NCA Inside & Out

NCA Member News and Notes

January 9, 2019

In the Media

Nick Brody, University of Puget Sound, provides commentary on cyberbullying by President Trump in an article in Statesman.

In Reading the Pictures, Cara Finnegan, University of Illinois, analyzes images depicting the Yellow Vest uprising in Paris, the Oval Office meeting between President Trump and Democratic leaders, and more.

Jennifer LeMesurier, Colgate University, examines the history of using textiles as a form of protest in an Academic Minute article.

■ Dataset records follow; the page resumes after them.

lemma K_relators_eq: "K_relators = set K_relator_list"
proof -
  have "{comm (gw X1 e1) (gw Y2 e2) @ comm (gw X2 e2) (gw Y1 e1) |e1 e2. True}
      = (\<lambda>(e1, e2). comm (gw X1 e1) (gw Y2 e2) @ comm (gw X2 e2) (gw Y1 e1)) ` (UNIV \<times> UNIV)"
    by auto
  also have "UNIV \<times> UNIV = {(True, True), (True, False), (False, True), (False, False)}"
    by auto
  finally show ?thesis
    by (auto simp: K_relators_def K_relator_list_def)
qed

text \<open>A certificate for \<open>u = v\<close> in \<open>K\<close> is a list of triples \<open>(c, i, e)\<close>, each standing for the
  conjugate \<open>c r\<^sub>i\<^sup>\<plusminus>\<^sup>1 c\<^sup>-\<^sup>1\<close> of the \<open>i\<close>-th relator, whose product is freely equal to \<open>u v\<^sup>-\<^sup>1\<close>.\<close>
definition certifies :: "(kgen word \<times> nat \<times> bool) list \<Rightarrow> kgen word \<Rightarrow> kgen word \<Rightarrow> bool" where
  "certifies qs u v \<longleftrightarrow> (\<forall>(c, i, e) \<in> set qs. i < length K_relator_list) \<and>
     free_reduce (u @ inv_word v) = free_reduce (conj_prod (map (\<lambda>(c, i, e). (c, K_relator_list ! i, e)) qs))"

lemma kclass_eq_if_certifies:
  assumes "certifies qs u v"
  shows "kclass u = kclass v"
proof -
  let ?ps = "map (\<lambda>(c, i, e). (c, K_relator_list ! i, e)) qs"
  have "\<forall>(c, r, e) \<in> set ?ps. r \<in> K_relators"
    using assms by (auto simp: certifies_def K_relators_eq)
  moreover have "free_eq (u @ inv_word v) (conj_prod ?ps)"
    using assms unfolding certifies_def by (blast intro: free_eq_if_free_reduce_eq)
  ultimately show ?thesis
    unfolding kclass_eq_iff eq_mod_relators_def by (blast intro: eq_by_relatorsI)
qed

lemma preserves_relators_if_certified:
  assumes "list_all2 (\<lambda>r qs. certifies qs (subst \<sigma> r) []) K_relator_list certs"
  shows "preserves_relators \<sigma>"
  unfolding preserves_relators_def K_relators_eq
  using assms kclass_eq_if_certifies by (fastforce simp: list_all2_conv_all_nth in_set_conv_nth)

lemma kclass_eq_on_generators_if_certified:
  assumes "list_all2 (\<lambda>a qs. certifies qs (u a) (v a)) [X1, X2, Y1, Y2] certs"
  shows "kclass (u a) = kclass (v a)"
  using assms by (cases a) (auto simp: list_all2_Cons1 kclass_eq_if_certifies)

section \<open>Twisting automorphisms of \<open>K\<close>\<close>

text \<open>In \<open>F\<^sub>2\<^sup>3 \<supseteq> K\<close>, where \<open>x\<^sub>i = (a\<^sub>i, 1, c\<^sub>i\<^sup>-\<^sup>1)\<close> and \<open>y\<^sub>i = (1, b\<^sub>i, c\<^sub>i\<^sup>-\<^sup>1)\<close>,
  \<open>twist\<^sub>i\<close> is conjugation by \<open>c\<^sub>i\<^sup>-\<^sup>1\<close> in the third factor, \<open>shear\<^sub>1\<close> conjugation by \<open>a\<^sub>1\<^sup>-\<^sup>1\<close>
  in the first and \<open>shear\<^sub>2\<close> conjugation by \<open>b\<^sub>2\<^sup>-\<^sup>1\<close> in the second. So conjugation by \<open>x\<^sub>1\<close> is
  \<open>twist\<^sub>1 \<circ> shear\<^sub>1\<^sup>-\<^sup>1\<close>, conjugation by \<open>y\<^sub>2\<close> is \<open>twist\<^sub>2 \<circ> shear\<^sub>2\<^sup>-\<^sup>1\<close>, and on the normal closure
  of \<open>[x\<^sub>1, y\<^sub>2]\<close>, which lies in the third factor, the shears act trivially.\<close>
definition twist1 :: "kgen \<Rightarrow> kgen word" where
  "twist1 a = (case a of X1 \<Rightarrow> [x1] | X2 \<Rightarrow> [y1, x2, y1'] | Y1 \<Rightarrow> [y1] | Y2 \<Rightarrow> [x1, y2, x1'])"
section \<open>Solving the recurrence\<close>

lemma morgan_voyce_B_recurrence_solution:
  fixes t f :: "nat \<Rightarrow> 'a::comm_ring_1"
  assumes "t 1 = x" "f 1 = 1"
    and t_Suc: "\<And>n. 1 \<le> n \<Longrightarrow> t (Suc n) = (x + 1) * t n + x * f n"
    and f_Suc: "\<And>n. 1 \<le> n \<Longrightarrow> f (Suc n) = t n + f n"
  shows "t (Suc m) = x * morgan_voyce_B m x"
proof -
  have "t (Suc m) = x * morgan_voyce_B m x \<and>
      f (Suc (Suc m)) = morgan_voyce_B (Suc m) x - morgan_voyce_B m x"
  proof (induction m)
    case 0
    then show ?case using assms(1,2) f_Suc[of 1] by simp
  next
    case (Suc m)
    let ?B = "\<lambda>k. morgan_voyce_B k x"
    have t: "t (Suc m) = x * ?B m" and f: "f (Suc (Suc m)) = ?B (Suc m) - ?B m"
      using Suc.IH by blast+
    have "f (Suc m) = f (Suc (Suc m)) - t (Suc m)" using f_Suc[of "Suc m"] by simp
    also have "\<dots> = ?B (Suc m) - ?B m - x * ?B m" using t f by simp
    finally have f': "f (Suc m) = ?B (Suc m) - ?B m - x * ?B m" .
    have t': "t (Suc (Suc m)) = x * ?B (Suc m)"
      using t_Suc[of "Suc m"] t f' by (simp add: algebra_simps)
    moreover have "f (Suc (Suc (Suc m))) = ?B (Suc (Suc m)) - ?B (Suc m)"
      using f_Suc[of "Suc (Suc m)"] t' f by (simp add: algebra_simps)
    ultimately show ?case by simp
  qed
  then show ?thesis by blast
qed

lemma morgan_voyce_B_1_eq_fib: "morgan_voyce_B m (1::int) = int (fib (2 * m + 2))"
proof (induction m rule: fib.induct)
  case (3 n)
  then show ?case by (simp add: numeral_eq_Suc algebra_simps)
qed (simp_all add: numeral_eq_Suc)

theorem theorem5p9:
  fixes a n :: nat
  assumes "a \<ge> 1" and "n \<ge> 2"
  shows "int (num_spanning_trees (mfan_verts n) (mfan_edges a n) mfan_ends)
           = int a * morgan_voyce_B (n - 1) (int a)
         \<and> (a = 1 \<longrightarrow>
              num_spanning_trees (mfan_verts n) (mfan_edges a n) mfan_ends = fib (2 * n))"
proof -
  obtain m where n: "n = Suc m" using assms(2) by (cases n) auto
  have "int (card (fan_trees a (Suc m))) = int a * morgan_voyce_B m (int a)"
    by (rule morgan_voyce_B_recurrence_solution[where f = "\<lambda>k. int (card (fan_forests a k))"])
      (simp_all add: card_fan_trees_1 card_fan_forests_1 card_fan_trees_Suc card_fan_forests_Suc
        algebra_simps)
  moreover have "num_spanning_trees (mfan_verts n) (mfan_edges a n) mfan_ends = card (fan_trees a n)"
    unfolding num_spanning_trees_def fan_trees_def ..
  ultimately show ?thesis
    using n morgan_voyce_B_1_eq_fib[of m] by (auto simp: algebra_simps)
qed
lemma chain_between_parity:
  assumes "\<not> has_odd_loop \<omega> N \<rho> S"
    and "chain_between \<omega> N \<rho> S \<alpha> \<beta> xs" and "chain_between \<omega> N \<rho> S \<alpha> \<beta> ys"
  shows "even (length xs) \<longleftrightarrow> even (length ys)"
proof -
  let ?loop = "xs @ tl (rev ys)"
  have loop: "chain_between \<omega> N \<rho> S \<alpha> \<alpha> ?loop"
    using chain_between_append[OF assms(2) chain_between_rev[OF assms(3)]] .
  have "xs \<noteq> []" "ys \<noteq> []"
    using assms(2,3) unfolding chain_between_def is_chain_def by auto
  then have "length ?loop + 1 = length xs + length ys"
    by simp
  moreover have "\<not> (2 \<le> length ?loop \<and> odd (length ?loop - 1))"
    using assms(1) loop unfolding has_odd_loop_def chain_between_def by metis
  ultimately show ?thesis
    using \<open>xs \<noteq> []\<close> \<open>ys \<noteq> []\<close> by (simp only: length_greater_0_conv[symmetric]) presburger
qed
(* Let $m\ge1$ and let $\pi\in\mathfrak{S}_{3m}$ avoid $132$ and consist only of $3$-cycles, with element sets $\{a_i<b_i<c_i\}$, $i=1,\dots,m$, indexed so that $b_1<\dots<b_m$. Let $A=\{a_i\}$, $B=\{b_i\}$, let $D_\pi$ be the associated Dyck word and $X=(x_1,\dots,x_k)$ its free composition. Write $A=\bigcup_{j=1}^k A_j$ and $B=\bigcup_{j=1}^k B_j$, where the $A_j$ are consecutive (in the increasing order of $A$) subsets with every element of $A_j$ less than every element of $A_{j+1}$ and $|A_j|=x_{k-j+1}$, and the $B_j$ are consecutive subsets with every element of $B_j$ less than every element of $B_{j+1}$ and $|B_j|=x_j$. Then for every $i$ and $j$, if $b_i\in B_j$ then $a_i\in A_{k-j+1}$.
   Context: A permutation avoids $132$ if there are no indices $i<j<k$ with $\pi_i<\pi_k<\pi_j$. With $C=\{c_i\}$, the associated Dyck word $D_\pi$ is the word of length $2m$ obtained by listing the elements of $B\cup C$ in increasing order and writing $0$ for each element of $B$ and $1$ for each element of $C$. For a Dyck word $D$ of semilength $m$: indices $i,i+1$ are linked if the $i$-th and $(i+1)$-st $0$ of $D$ occupy adjacent positions and the $i$-th and $(i+1)$-st $1$ occupy adjacent positions; the free blocks are the maximal intervals of $\{1,\dots,m\}$ in which all consecutive indices are linked; the free composition $(x_1,\dots,x_k)$ lists the sizes of the free blocks from left to right. *)

theory Defs
  imports "HOL-Combinatorics.Permutations"
begin

definition avoids132 :: "(nat \<Rightarrow> nat) \<Rightarrow> nat \<Rightarrow> bool" where
  "avoids132 p n \<longleftrightarrow>
     (\<forall>i j k. 1 \<le> i \<and> i < j \<and> j < k \<and> k \<le> n \<longrightarrow> \<not> (p i < p k \<and> p k < p j))"

definition only_3cycles :: "(nat \<Rightarrow> nat) \<Rightarrow> nat \<Rightarrow> bool" where
  "only_3cycles p n \<longleftrightarrow> (\<forall>x\<in>{1..n}. p x \<noteq> x \<and> (p ^^ 3) x = x)"

definition cyc :: "(nat \<Rightarrow> nat) \<Rightarrow> nat \<Rightarrow> nat set" where
  "cyc p x = {x, p x, p (p x)}"

definition setA :: "(nat \<Rightarrow> nat) \<Rightarrow> nat \<Rightarrow> nat set" where
  "setA p n = {x\<in>{1..n}. x = Min (cyc p x)}"

definition setC :: "(nat \<Rightarrow> nat) \<Rightarrow> nat \<Rightarrow> nat set" where
  "setC p n = {x\<in>{1..n}. x = Max (cyc p x)}"

definition setB :: "(nat \<Rightarrow> nat) \<Rightarrow> nat \<Rightarrow> nat set" where
  "setB p n = {x\<in>{1..n}. x \<noteq> Min (cyc p x) \<and> x \<noteq> Max (cyc p x)}"

definition dyck_word :: "(nat \<Rightarrow> nat) \<Rightarrow> nat \<Rightarrow> nat list" where
  "dyck_word p n = map (\<lambda>y. if y \<in> setC p n then 1 else 0)
                     (sorted_list_of_set (setB p n \<union> setC p n))"

text \<open>0-based positions of the letter c in D; the i-th (1-based) occurrence is at index i-1.\<close>
definition letter_pos :: "nat \<Rightarrow> nat list \<Rightarrow> nat list" where
  "letter_pos c D = filter (\<lambda>q. D ! q = c) [0..<length D]"

text \<open>Indices i, i+1 (1-based) are linked.\<close>
definition linked :: "nat list \<Rightarrow> nat \<Rightarrow> bool" where
  "linked D i \<longleftrightarrow>
     letter_pos 0 D ! i = letter_pos 0 D ! (i - 1) + 1 \<and>
     letter_pos 1 D ! i = letter_pos 1 D ! (i - 1) + 1"

definition free_blocks :: "nat list \<Rightarrow> nat \<Rightarrow> nat set set" where
  "free_blocks D m = {{l..r} | l r. 1 \<le> l \<and> l \<le> r \<and> r \<le> m \<and>
       (\<forall>i. l \<le> i \<and> i < r \<longrightarrow> linked D i) \<and>
       (1 < l \<longrightarrow> \<not> linked D (l - 1)) \<and>
       (r < m \<longrightarrow> \<not> linked D r)}"

definition free_composition :: "nat list \<Rightarrow> nat \<Rightarrow> nat list" where
  "free_composition D m =
     map (\<lambda>l. card (THE S. S \<in> free_blocks D m \<and> Min S = l))
         (sorted_list_of_set (Min ` free_blocks D m))"

definition block :: "nat set \<Rightarrow> nat list \<Rightarrow> nat \<Rightarrow> nat set" where
  "block S sz j = {sorted_list_of_set S ! r | r.
       sum_list (take (j - 1) sz) \<le> r \<and> r < sum_list (take j sz)}"

end

theory Submission
  imports Defs
begin

text \<open>Write every cycle as \<open>a < b < c\<close>. Avoiding 132 forces any two cycles to interleave
  tightly: if \<open>a < a'\<close> then \<open>a' < b\<close>, and the order of the middle elements decides the order of
  the maxima. Hence \<open>A = {1..m}\<close>, and listing the cycles by their middle elements
  \<open>b\<^sub>1 < \<dots> < b\<^sub>m\<close> lists their maxima increasingly as well. If two cycles with middle elements
  \<open>b\<^sub>q < b\<^sub>q\<^sub>'\<close> had increasing minima, a third cycle would produce a 132 pattern as soon as one of
  its maxima fell between \<open>b\<^sub>q\<close> and \<open>b\<^sub>q\<^sub>'\<close> or one of its middle elements between the
  corresponding maxima; so every index between \<open>q\<close> and \<open>q'\<close> would be linked in the Dyck word.
  Consequently all minima of cycles whose middle element lies in a later free block are smaller than
  those of earlier blocks, and counting places the minimum of a cycle whose middle element lies in
  the \<open>j\<close>-th block of \<open>B\<close> into the \<open>j\<close>-th block from the right of \<open>A\<close>.\<close>

section \<open>132-avoidance and ordered 3-cycles\<close>

definition ordered_3cycle :: "(nat \<Rightarrow> nat) \<Rightarrow> nat \<Rightarrow> nat \<Rightarrow> nat \<Rightarrow> bool" where
  "ordered_3cycle p a b c \<longleftrightarrow> a < b \<and> b < c \<and>
     (p a = b \<and> p b = c \<and> p c = a \<or> p a = c \<and> p c = b \<and> p b = a)"

lemma avoids132D:
  assumes "avoids132 p n" "1 \<le> i" "i < j" "j < k" "k \<le> n" "p i < p k" "p k < p j"
  shows False
  using assms unfolding avoids132_def by blast

lemma avoids132_two_3cycles:
  assumes av: "avoids132 p n"
    and X: "ordered_3cycle p a b c" and Y: "ordered_3cycle p a' b' c'"
    and range: "1 \<le> a" "c \<le> n" "1 \<le> a'" "c' \<le> n"
    and disj: "{a, b, c} \<inter> {a', b', c'} = {}" and lt: "a < a'"
  shows "a' < b" and "b < b' \<Longrightarrow> b' < c \<and> c < c'" and "b' < b \<Longrightarrow> c' < c"
proof -
  have ne: "a' \<noteq> b" "b' \<noteq> c" "c' \<noteq> c" using disj by auto
  show "a' < b"
  proof (rule ccontr)
    assume "\<not> a' < b"
    with ne have "b < a'" by simp
    with X Y range lt show False unfolding ordered_3cycle_def
      by (elim conjE disjE) (rule avoids132D[OF av, of a a' c'] avoids132D[OF av, of b a' c']; linarith)+
  qed
  show "b' < c \<and> c < c'" if "b < b'"
  proof (rule ccontr)
    assume "\<not> (b' < c \<and> c < c')"
    with ne have "c < b' \<or> c' < c" by auto
    with X Y range lt that show False unfolding ordered_3cycle_def
      by (elim conjE disjE) (rule avoids132D[OF av, of a b b'] avoids132D[OF av, of a b c']
            avoids132D[OF av, of b b' c] avoids132D[OF av, of b c' c] avoids132D[OF av, of a a' c']
            avoids132D[OF av, of b b' c'] avoids132D[OF av, of c b' c']; linarith)+
  qed
  show "c' < c" if "b' < b"
  proof (rule ccontr)
    assume "\<not> c' < c"
    with ne have "c < c'" by simp
    with X Y range lt that show False unfolding ordered_3cycle_def
      by (elim conjE disjE) (rule avoids132D[OF av, of a a' b] avoids132D[OF av, of a b' b]
            avoids132D[OF av, of b c c']; linarith)+
  qed
qed

lemma avoids132_three_3cycles:
  assumes av: "avoids132 p n" and X: "ordered_3cycle p a b c"
    and Y: "ordered_3cycle p a' b' c'" and Z: "ordered_3cycle p a'' b'' c''"
    and range: "1 \<le> a" "c \<le> n" "1 \<le> a'" "c' \<le> n" "1 \<le> a''" "c'' \<le> n"
    and disj: "{a, b, c} \<inter> {a', b', c'} = {}" "{a, b, c} \<inter> {a'', b'', c''} = {}"
      "{a', b', c'} \<inter> {a'', b'', c''} = {}"
    and lt: "a < a'" "b < b'"
  shows "\<not> (b < c'' \<and> c'' < b')" and "\<not> (c < b'' \<and> b'' < c')"
proof -
  note two = avoids132_two_3cycles[OF av]
  have disj': "{a'', b'', c''} \<inter> {a, b, c} = {}" "{a'', b'', c''} \<inter> {a', b', c'} = {}"
    using disj by blast+
  have XY: "a' < b" "b' < c" "c < c'"
    using two[OF X Y range(1-4) disj(1) lt(1)] lt(2) by auto
  have ne: "a \<noteq> a''" "a' \<noteq> a''" "b \<noteq> b''" using disj by auto
  show "\<not> (b < c'' \<and> c'' < b')"
  proof
    assume c'': "b < c'' \<and> c'' < b'"
    have "b'' < b"
    proof (rule ccontr)
      assume "\<not> b'' < b"
      with ne have "b < b''" by simp
      have "c < c''"
      proof (cases "a < a''")
        case True
        then show ?thesis using two(2)[OF X Z range(1,2,5,6) disj(2) True \<open>b < b''\<close>] by simp
      next
        case False
        with ne have "a'' < a" by simp
        then show ?thesis using two(3)[OF Z X range(5,6,1,2) disj'(1) _ \<open>b < b''\<close>] by simp
      qed
      with c'' XY show False by simp
    qed
    have "a' < a''"
    proof (rule ccontr)
      assume "\<not> a' < a''"
      with ne have "a'' < a'" by simp
      from two(2)[OF Z Y range(5,6,3,4) disj'(2) this] \<open>b'' < b\<close> lt c'' show False by simp
    qed
    then have "a'' < b" using two(1)[OF X Z range(1,2,5,6) disj(2)] lt(1) by simp
    txt \<open>All nine points are now ordered; in each orientation of the three cycles one of the
      listed triples is a 132 pattern.\<close>
    with X Y Z range lt XY c'' \<open>b'' < b\<close> \<open>a' < a''\<close> show False
      unfolding ordered_3cycle_def
      by (elim conjE disjE) (rule avoids132D[OF av, of a a' b''] avoids132D[OF av, of a a' a'']
          avoids132D[OF av, of a a' b] avoids132D[OF av, of b b' c'] avoids132D[OF av, of b c'' b'];
          linarith)+
  qed
  show "\<not> (c < b'' \<and> b'' < c')"
  proof
    assume b'': "c < b'' \<and> b'' < c'"
    have "c' < c''"
    proof (cases "a' < a''")
      case True
      then show ?thesis using two(2)[OF Y Z range(3-6) disj(3) True] XY b'' by simp
    next
      case False
      with ne have "a'' < a'" by simp
      then show ?thesis using two(3)[OF Z Y range(5,6,3,4) disj'(2)] XY b'' by simp
    qed
    have "a'' < a"
    proof (rule ccontr)
      assume "\<not> a'' < a"
      with ne have "a < a''" by simp
      from two(2)[OF X Z range(1,2,5,6) disj(2) this] XY lt b'' show False by simp
    qed
    with X Y Z range lt XY b'' \<open>c' < c''\<close> show False
      unfolding ordered_3cycle_def
      by (elim conjE disjE) (rule avoids132D[OF av, of c b'' c'] avoids132D[OF av, of b b' c'']
          avoids132D[OF av, of a a' b] avoids132D[OF av, of b b' c'] avoids132D[OF av, of b b'' c']
          avoids132D[OF av, of a a' c'']; linarith)+
  qed
qed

Nicole Martins, Indiana University Bloomington, was quoted in a New York Times article about the return of the “Deal or No Deal” gameshow, which features female models and thus may be perceived as insensitive in the #MeToo era.

Craig Smith, Cal State University Long Beach, reminisces about his time as a speechwriter for President George H.W. Bush in an article by The Grunion.

On Citizens Critics, Mark Ward Sr., University of Houston-Victoria, explores the wedding cake as a symbol and as myth.

In Transition

Jimmie Manning is now Chair and Professor in the Department of Communication Studies at the University of Nevada, Reno.

Andrew Spieldenner has been appointed North American delegate to the Program Coordinating Board of UNAIDS, Joint United Nations Program on HIV and AIDS.

Tiffany R. Wang has been promoted to Associate Professor with tenure at the University of Montevallo.

New Books

Jennifer C. Dunn and Jimmie Manning, Transgressing Feminist Theory and Discourse: Advancing Conversations across Disciplines, Routledge, 2018, 0815381719.

Amanda Nell Edgar and Andre E. Johnson, The Struggle Over Black Lives Matter and All Lives Matter, Lexington Books, 2018, 978-1-4985-7205-7.

Awards

Sarah Bishop and Caryn Medved, both of the City University of New York-Baruch College, won the 2018 Stanley L. Saxton Applied Research Award for their work, “Competing Discourses, Relational Tensions, and Discursive Materiality: Parent-Child Communication in Mixed-Status Immigrant Families.” The award is sponsored by the Carl Couch Center for Social and Internet Research (www.cccsir.com).

Heidi Campbell, Texas A&M University, and Stephen Garner, Laidlaw College in Auckland, New Zealand, won the 2018 Clifford G. Christians Ethics Research Award for their book, Networked Theology: Negotiating Faith in Digital Culture. The award is sponsored by the Carl Couch Center for Social and Internet Research (www.cccsir.com).

Amber Johnson, St. Louis University, won the 2018 Ellis-Bochner Award for her work, “From Academe, to the Theatre, to the Streets: My Autocritography of Aesthetic Cleansing and Canonical Exception in the Wave of Ferguson.” The award is sponsored by the Society for the Study of Symbolic Interaction—NCA Affiliate.

Lynn Schofield Clark, University of Denver, and Regina Marchi, Rutgers University, won the 2018 James W. Carey Media Research Award for Young People and the Future of News. The award is sponsored by the Carl Couch Center for Social and Internet Research.

Michael Serazio, Boston College, won the 2018 Bruce E. Gronbeck Political Communication Research Award with his work, “Encoding the Paranoid Style in American politics: ‘Anti-establishment’ Discourse and Power in Contemporary Spin” (Critical Studies in Media Communication, Vol. 33, No. 2, pp. 181-194). The award is sponsored by the Carl Couch Center for Social and Internet Research (www.cccsir.com).

Mark Ward, Sr., University of Houston-Victoria, won the 2018 David R. Maines Narrative Research Award for his work, “The Dangers of Getting What You Wished For: What Do You Say to Evangelicals?” The award is sponsored by the Carl Couch Center for Social and Internet Research (www.cccsir.com).